2. This example as well as the example in the following point is my own. Examples in points 3–5 are given by Sklar (1983) and is based on the data at the point of his research.
3. Habermas employs the term project as he describes democracies as dynamic and unfolding socio-political states of governance. Democracy is subject to context, the composition of the electorate, economy as well as external influences such as international political trends, multinational corporate activities, the media and international public sentiment, which are some of the most prominent factors. Democracy is therefore neither a fixed political system nor a political ‘destination’, but is subject to change as history unfolds.
4. Habermas argues that as much as religion has a role to play in the democratic project, so the secular state should create space for religion to make a contribution. ‘Thus it [the state] may not demand anything of its religious citizens which cannot be reconciled with a life that is led authentically “from faith”’ (Habermas 2010:21).
5. Religious communities, for instance (of which most have convictions that oppose same-sex relationships), enjoy equal protection under the Constitution to that of citizens who are both of same-sex orientation and/or are within same-sex relationships.
6. In The Coming of God(Moltmann 1996), Moltmann does not limit the eschatological reign of God to humanity or humanity's salvation, but carefully plots how the reign of God is realised on different levels. He calls these levels ‘Personal eschatology’, ‘Historical eschatology’, ‘Cosmic eschatology’ and ‘Divine eschatology’.
7. Moltmann (2012:23–25) is quite vocal against what he terms ‘Theocratic democracy’. The general imposition of Christianity on society leads to a social resistance to religion and does not promote religion's standing in socio-political discourse.
8. See Forster's argument (2012) against the formation of religious states. ‘Religion is continually being “made” using politics, and that leads souls astray.
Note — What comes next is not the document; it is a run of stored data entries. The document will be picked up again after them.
(* Let $\mathcal{H}$ be finite-dimensional, let $\{O_i\}$ be a finite set of self-adjoint operators on $\mathcal{H}$, let $\mathcal{L}$ be a Lindblad generator on $\mathfrak{B}(\mathcal{H})$, and let $\mathscr{N}^\perp=\mathrm{span}\{(\mathcal{L}^\dagger)^k(O_i):k\ge0,\ \forall i\}$. Then $\mathrm{alg}(\mathscr{N}^\perp)\subsetneq\mathfrak{B}(\mathcal{H})$ if and only if there exists a non-trivial $\{O_i\}$-observable-dependent symmetry for $\mathcal{L}$. Furthermore, $\mathrm{alg}(\mathscr{N}^\perp)=\mathbb{C}\bar{\mathscr{G}}'$, where $\bar{\mathscr{G}}$ is the largest group of $\{O_i\}$-observable-dependent symmetries for $\mathcal{L}$.
   Context: A Lindblad generator has the form $\mathcal{L}(\rho)=-i[H,\rho]+\sum_u\big(L_u\rho L_u^\dagger-\tfrac12\{L_u^\dagger L_u,\rho\}\big)$; $\mathcal{L}^\dagger$ is its Hilbert–Schmidt adjoint. A unitary $S$ on $\mathcal{H}$ is an $\{O_i\}$-observable-dependent symmetry (ODS) of $\mathcal{L}$ if $S(\mathcal{L}^\dagger)^n(O_i)S^\dagger=(\mathcal{L}^\dagger)^n(O_i)$ for all integers $n\ge0$ and all $i$; the set of all such unitaries forms a group. Non-trivial means not a scalar multiple of the identity. $\mathrm{alg}(\cdot)$ denotes the smallest $*$-algebra containing a set; $\mathbb{C}\mathscr{G}'=\{X:[S,X]=0\ \forall S\in\mathscr{G}\}$. *)

theory Defs
  imports "HOL-Analysis.Analysis"
begin

text \<open>Operators on a finite-dimensional Hilbert space H = complex^'n are
  represented as complex 'n x 'n matrices; the product is matrix product (**).\<close>

type_synonym 'n op = "complex^'n^'n"

definition adj :: "'n::finite op \<Rightarrow> 'n op" where
  "adj A = (\<chi> i j. cnj (A $ j $ i))"

definition csc :: "complex \<Rightarrow> 'n::finite op \<Rightarrow> 'n op" where
  "csc c A = (\<chi> i j. c * A $ i $ j)"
Politics are continually being “made” using religion, and that is the ruin of the worldly order’ (Moltmann 2012:10).
9. The South African theologian, Dirkie Smit, concurs with this view. He (Smit 2007:439) states: ‘The church exists always in the world and as part of the world, whether or not it wants to, and thereby impacts public life in varied and complex ways, regardless of whether it is aware of this.’
10. De Gruchy (2007:30) concurs with this view: ‘Secular democratic society is not by definition anti-religious or unconcerned about moral values, but dependent on them.’